The first phase was characterized by non-violence and non-confrontation. During the Meccan period, Muhammad and his followers were forbidden by the Quran to respond with force to the persecution that they faced under their Quraysh opponents. They were instructed to repel aggression with forgiveness and to continue preaching their message with forbearance:
“Bear patiently against whatever they say, and take leave of them in a beautiful manner” (73:10)
“Repel evil with that which is better, then behold, the one with whom you have enmity shall be as if he were a loyal protecting friend” (41:34) (See also 7:199, 16:125).

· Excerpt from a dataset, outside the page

(* In the setting and notation described in the context, suppose that $\Delta_{2,n},\Delta_{p_0+1,n},\Delta_{p_0+M-1,n},\Delta_{p_0,n}$ are each $O(n^{-\gamma_0})$, $\eta_n=O(n^{-\gamma_1})$, $V_{1n}=O(n^{\gamma_2})$, $V_{2n}=O(n^{\gamma_3})$, $C_{1n}=O(n^{\gamma_4})$, $C_{2n}=O(n^{\gamma_5})$, $C_{3n}=O(n^{\gamma_6})$, $C_{4n}=O(n^{\gamma_7})$, $p_0=O(n^{\gamma_8})$, $M=O(n^{\gamma_9})$, where $\gamma_1,\gamma_8,\gamma_9>0$, $\gamma_8<\gamma_9$, $3\gamma_9<\gamma_0$, $\gamma_9<2\gamma_1$, $\gamma_7<\gamma_1$, $\gamma_6<\gamma_1$, $\gamma_2<\gamma_0$, $\gamma_3<\gamma_0$, $3\gamma_9+\gamma_4<\gamma_0$, $3\gamma_9<\gamma_1$, $6\gamma_9+\gamma_5<\gamma_0$, $3\gamma_8+\gamma_4+\gamma_6<\gamma_0$, $3\gamma_8+\gamma_6<\gamma_1$, $6\gamma_8+\gamma_5+\gamma_6<\gamma_0$, $3\gamma_9+\gamma_4+\gamma_7<\gamma_0$, $3\gamma_9+\gamma_7<\gamma_1$, $6\gamma_9+\gamma_5+\gamma_7<\gamma_0$. Then there exist constants $\alpha\in(0,1)$ and $D>0$ such that, for all sufficiently large $n$, (i) $3(M+1)^2(9M+1)\Delta_{2,n}<\alpha$, and (ii) $12\tau^2-12(M-p_0+1)\eta_n^2-4\eta_n^2-4\eta_n(C_{4n}+C_{3n})-\Delta_{p_0,n}V_{1n}-\Delta_{p_0+M-1,n}V_{2n}-\rho_{1n}-\rho_{2n}>D$, where $\rho_{1n},\rho_{2n}$ are computed with this $\alpha$.
   Context: Setting. $n=1,2,\ldots$ indexes a sequence of problems. For each $n$ we are given integers $p=p_n$, $p_0=p_{0,n}$, $M=M_n$ with $1\le p_0\le M$ and $p_0<p$; a continuous function $f_n:[0,1]^p\to\mathbb{R}$; design points $\mathbf{x}_i=(x_{i1},\ldots,x_{ip})'\in[0,1)^p$, $i=1,\ldots,n$; a function $\widetilde f_n\in C[0,1]^{p_0}$; a number $\eta_n>0$; and a positive constant $\tau$. Let $\mathbf{X}$ be the $n\times p$ matrix with rows $\mathbf{x}_i'$. Let $Z_d=\{1,\ldots,d\}$, $\mathcal{A}_0=Z_{p_0}$. For $\mathcal{A}\subset Z_p$, $\mathbf{x}_{\mathcal{A}}$ is the subvector of $\mathbf{x}\in[0,1]^p$ with coordinates in $\mathcal{A}$ and $\mathbf{X}_{\mathcal{A}}$ the submatrix of $\mathbf{X}$ with columns in $\mathcal{A}$. $a_n=O(n^{\gamma})$ means $|a_n|\le cn^{\gamma}$ for some constant $c$ and all large $n$. Subset best linear approximation: for $\mathcal{A}\subset Z_p$, $(\beta_0(\mathcal{A}),\boldsymbol{\beta}(\mathcal{A})')'\in\mathbb{R}\times\mathbb{R}^{|\mathcal{A}|}$ minimizes $\int_{[0,1]^p}[f_n(\mathbf{x})-\phi_0-\boldsymbol{\phi}'\mathbf{x}_{\mathcal{A}}]^2d\mathbf{x}$ over $(\phi_0,\boldsymbol\phi)$; $\boldsymbol{\beta}_{Z_p}(\mathcal{A})\in\mathbb{R}^p$ has coordinates indexed by $\mathcal{A}$ equal to $\boldsymbol\beta(\mathcal{A})$ and all others $0$. Hardy–Krause variation: for $g:[0,1]^d\to\mathbb{R}$ and an axis-parallel rectangle $J$, $\Delta_J(g)$ is the sum of values of $g$ at the $2^d$ vertices of $J$ with alternating signs at nearest-neighbour vertices; $V^{Vit}(g)=\sup_\Pi\sum_{J\in\Pi}|\Delta_J(g)|$ over partitions $\Pi$ of $[0,1]^d$ into finitely many non-overlapping axis-parallel sub-rectangles; $V_{HK}(g)=\sum_{\emptyset\ne u\subset Z_d}V^{Vit}(g_u)$ where $g_u$ is $g$ with $x_k=1$ for $k\notin u$, as a function of $\mathbf{x}_u$. Functions depending on some coordinates of $\mathbf{x}\in[0,1]^p$ are regarded as functions on $[0,1]^p$. Discrepancy: for an $m\times d$ matrix $\mathbf{A}$ with rows $\mathbf{a}_i'\in[0,1]^d$, $\delta_{d,m}(\mathbf{A})=\sup_{\mathbf{x}\in[0,1]^d}|F_m(\mathbf{x})-\prod_{k=1}^dx_k|$, $F_m(\mathbf{x})=\frac1m\#\{i:a_{ik}\le x_k\ \forall k\}$. Sets: $\mathcal{U}_1=\{\mathcal{A}\subset Z_p:|\mathcal{A}|=M,\mathcal{A}_0\setminus\mathcal{A}\neq\emptyset\}$; $\mathcal{U}_2=\{\mathcal{A}\subset Z_p:|\mathcal{A}|=2\}$; $\mathcal{U}_3=\{\mathcal{A}_0\cup I_1:I_1\subset Z_p\setminus\mathcal{A}_0,|I_1|=1\}$; $\mathcal{U}_4=\{\mathcal{A}_0\cup I_2:I_2\subset Z_p\setminus\mathcal{A}_0,|I_2|=M-1\}$. $\Delta_{p_0,n}=\delta_{p_0,n}(\mathbf{X}_{\mathcal{A}_0})$, $\Delta_{2,n}=\max_{\mathcal{A}\in\mathcal{U}_2}\delta_{2,n}(\mathbf{X}_{\mathcal{A}})$, $\Delta_{p_0+1,n}=\max_{\mathcal{A}\in\mathcal{U}_3}\delta_{p_0+1,n}(\mathbf{X}_{\mathcal{A}})$, $\Delta_{p_0+M-1,n}=\max_{\mathcal{A}\in\mathcal{U}_4}\delta_{p_0+M-1,n}(\mathbf{X}_{\mathcal{A}})$. Constants: $C_{1n}=\max_{j=1,\ldots,p}\max(V_{HK}(\widetilde f_n),V_{HK}(x_j\widetilde f_n))$; $C_{2n}=\max_{\mathbf{x}\in[0,1]^p}|f_n(\mathbf{x})|$; $C_{3n}=\max_{\mathbf{x}\in[0,1]^p}|\widetilde f_n(\mathbf{x}_{\mathcal{A}_0})-\mathbf{x}'\boldsymbol\beta_{Z_p}(\mathcal{A}_0)-\beta_0(\mathcal{A}_0)|$; $C_{4n}=\max_{\mathcal{A}\in\mathcal{U}_1}\max_{\mathbf{x}\in[0,1]^p}|\widetilde f_n(\mathbf{x}_{\mathcal{A}_0})-\mathbf{x}'\boldsymbol\beta_{Z_p}(\mathcal{A})-\beta_0(\mathcal{A})|$; $V_{1n}=V_{HK}(\widetilde f_n(\mathbf{x}_{\mathcal{A}_0})-\beta_0(\mathcal{A}_0)-\mathbf{x}'\boldsymbol\beta_{Z_p}(\mathcal{A}_0))$; $V_{2n}=\max_{\mathcal{A}\in\mathcal{U}_1}V_{HK}(\widetilde f_n(\mathbf{x}_{\mathcal{A}_0})-\beta_0(\mathcal{A})-\mathbf{x}'\boldsymbol\beta_{Z_p}(\mathcal{A}))$. For $\alpha\in(0,1)$: $\zeta_{1n}=C_{1n}(p_0+1)^2(9p_0+1)\Delta_{p_0,n}+2(p_0+1)^2(9p_0+1)\eta_n+\frac{3}{1-\alpha}C_{2n}(p_0+1)^4(9p_0+1)^2\Delta_{2,n}$; $\zeta_{2n}=C_{1n}(M+1)^2(9M+1)\Delta_{p_0+1,n}+2(M+1)^2(9M+1)\eta_n+\frac{3}{1-\alpha}C_{2n}(M+1)^4(9M+1)^2\Delta_{2,n}$; $\rho_{1n}=\zeta_{1n}^2+2(C_{3n}+\eta_n)\zeta_{1n}+2(p_0+1)^{-1/2}\zeta_{1n}^2$; $\rho_{2n}=\zeta_{2n}^2+2(C_{4n}+\eta_n)\zeta_{2n}+2(M+1)^{-1/2}\zeta_{2n}^2$. *)

theory Defs
  imports "HOL-Probability.Probability" "HOL-Library.Landau_Symbols"
begin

Such non-violent discoursing was itself described as a jihad: “Do not listen to the unbelievers, but strive against them (jahidhum) with the utmost striving, with this (Quran)” (25:52). When the oppression became unbearable, the allowed response was emigration, again described as a jihad: “For those who emigrated after being oppressed, then strove (jahadu) and were patient, your Lord is forgiving, merciful” (16:110). Of note, the word jihad was even used for striving by unbelievers: “But if they strive (jahadaka) to make you ascribe partners to Me that of which you have no knowledge, then obey them not” (29:8 and 31:15).
The Meccan verses of non-confrontation are significant for what they do not allow. They do not condone tactics of asymmetric warfare, such as stealth attacks, poisoning, or targeting the vulnerable.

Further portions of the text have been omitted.